■ Task material:
======
(* The median-of-means bound rests on one deterministic and one probabilistic fact.
   (1) If z is a geometric median of x_1, ..., x_k and ||z - mu|| > C_alpha * r, then at
       least alpha * k of the points satisfy ||x_j - mu|| > r.  In a normed space this follows
       by comparing the cost of z with the cost of mu through the triangle inequality
       (median_far_many_bad, C = 2(1-alpha)/(1-2alpha)).  If the norm comes from an inner
       product, z cannot decrease its cost by moving towards mu; expanding the cost to second
       order in that direction and bounding the angle under which z sees the points near mu
       gives the sharper constant C = (1-alpha) sqrt(1/(1-2alpha)) (median_far_many_bad_hilbert).
   (2) Among independent events of probability at most p < alpha, the probability that a
       fraction at least alpha of them occurs is at most exp(-n psi(alpha;p)); this is the
       exponential Chernoff bound (count_tail_bound).
   The theorem applies (1) pointwise with r = epsilon and then (2), once for each constant
   (median_tail_bound).  Separability and reflexivity of the space only serve to guarantee
   that a geometric median exists; the bound itself does not use them. *)

lemma sum_if_card:
  assumes "finite A"
  shows "(\<Sum>j\<in>A. if P j then (a::real) else b)
         = real (card {j\<in>A. P j}) * a + real (card {j\<in>A. \<not> P j}) * b"
proof -
  have "(\<Sum>j\<in>A. if P j then a else b) = (\<Sum>j\<in>A \<inter> {x. P x}. a) + (\<Sum>j\<in>A \<inter> - {x. P x}. b)"
    by (rule sum.If_cases[OF assms])
  also have "A \<inter> {x. P x} = {j\<in>A. P j}" by auto
  also have "A \<inter> - {x. P x} = {j\<in>A. \<not> P j}" by auto
  finally show ?thesis by simp
qed

lemma card_filter_split:
  assumes "finite A"
  shows "real (card {j\<in>A. P j}) + real (card {j\<in>A. \<not> P j}) = real (card A)"
  using sum_if_card[OF assms, of P 1 1] by simp

text \<open>In a normed space, comparing the cost of a geometric median \<open>z\<close> with the cost of \<open>mu\<close>:
  each far sample lets \<open>z\<close> save at most \<open>\<parallel>z - mu\<parallel>\<close>, each near sample costs it at least
  \<open>\<parallel>z - mu\<parallel> - 2r\<close>.\<close>
lemma median_cost_comparison:
  fixes x :: "nat \<Rightarrow> 'a::real_normed_vector"
  assumes med: "is_geometric_median k x z"
  shows "real (card {j\<in>{1..k}. \<not> r < norm (x j - mu)}) * (norm (z - mu) - 2 * r)
         \<le> real (card {j\<in>{1..k}. r < norm (x j - mu)}) * norm (z - mu)"
proof -
  define d where "d = norm (z - mu)"
  have pointwise: "norm (mu - x j) + (if r < norm (x j - mu) then - d else d - 2 * r) \<le> norm (z - x j)" for j
  proof (cases "r < norm (x j - mu)")
    case True
    have "norm (mu - x j) \<le> norm (mu - z) + norm (z - x j)"
      using norm_triangle_ineq[of "mu - z" "z - x j"] by simp
    then show ?thesis using True by (simp add: d_def norm_minus_commute)
  next
    case False
    have "norm (z - mu) \<le> norm (z - x j) + norm (x j - mu)"
      using norm_triangle_ineq[of "z - x j" "x j - mu"] by simp
    then show ?thesis using False by (simp add: d_def norm_minus_commute)
  qed
  have "(\<Sum>j\<in>{1..k}. norm (mu - x j) + (if r < norm (x j - mu) then - d else d - 2 * r))
        \<le> (\<Sum>j\<in>{1..k}. norm (z - x j))"
    by (intro sum_mono pointwise)
  also have "\<dots> \<le> (\<Sum>j\<in>{1..k}. norm (mu - x j))"
    using med unfolding is_geometric_median_def by blast
  finally have "(\<Sum>j\<in>{1..k}. if r < norm (x j - mu) then - d else d - 2 * r) \<le> 0"
    by (simp add: sum.distrib)
  thus ?thesis by (simp add: sum_if_card d_def)
qed

lemma general_constant_arith:
  fixes B G d r \<alpha> :: real
  assumes BG: "B \<ge> 0" "G \<ge> 0" and cost: "G * (d - 2 * r) \<le> B * d"
    and a: "0 < \<alpha>" "\<alpha> < 1/2" and r: "r > 0"
    and d: "d > 2 * (1 - \<alpha>) / (1 - 2 * \<alpha>) * r"
  shows "\<alpha> * (G + B) \<le> B"
proof -
  have c: "1 - 2 * \<alpha> > 0" using a by simp
  have dC: "d * (1 - 2 * \<alpha>) > 2 * (1 - \<alpha>) * r"
    using d c by (simp add: pos_divide_less_eq mult.commute)
  moreover have "(1 - 2 * \<alpha>) * r \<le> 2 * (1 - \<alpha>) * r" using a r by simp
  ultimately have "(d - r) * (1 - 2 * \<alpha>) > 0" by (simp add: algebra_simps)
  hence dr: "d - r > 0" using c by (simp add: zero_less_mult_iff)
  have "2 * \<alpha> * (d - r) \<le> d - 2 * r" using dC by (simp add: algebra_simps)
  hence "(G + B) * (2 * \<alpha> * (d - r)) \<le> (G + B) * (d - 2 * r)"
    using BG by (intro mult_left_mono) auto
  also have "\<dots> \<le> B * (2 * (d - r))" using cost by (simp add: algebra_simps)
  finally have "(\<alpha> * (G + B)) * (2 * (d - r)) \<le> B * (2 * (d - r))" by (simp add: algebra_simps)
  thus ?thesis using dr by simp
qed

lemma median_far_many_bad:
  fixes x :: "nat \<Rightarrow> 'a::real_normed_vector"
  assumes med: "is_geometric_median k x z" and a: "0 < \<alpha>" "\<alpha> < 1/2" and r: "r > 0"
    and far: "norm (z - mu) > 2 * (1 - \<alpha>) / (1 - 2 * \<alpha>) * r"
  shows "\<alpha> * real k \<le> real (card {j\<in>{1..k}. r < norm (x j - mu)})"
  using general_constant_arith[OF _ _ median_cost_comparison[OF med] a r far]
    card_filter_split[of "{1..k}" "\<lambda>j. \<not> r < norm (x j - mu)"] by simp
======
■ Aim of the task: Exactly as written, repeat each line from the beginning of the data above to the line containing "least alpha *", inclusive.

■ Response area:
(* The median-of-means bound rests on one deterministic and one probabilistic fact.
   (1) If z is a geometric median of x_1, ..., x_k and ||z - mu|| > C_alpha * r, then at
       least alpha * k of the points satisfy ||x_j - mu|| > r.  In a normed space this follows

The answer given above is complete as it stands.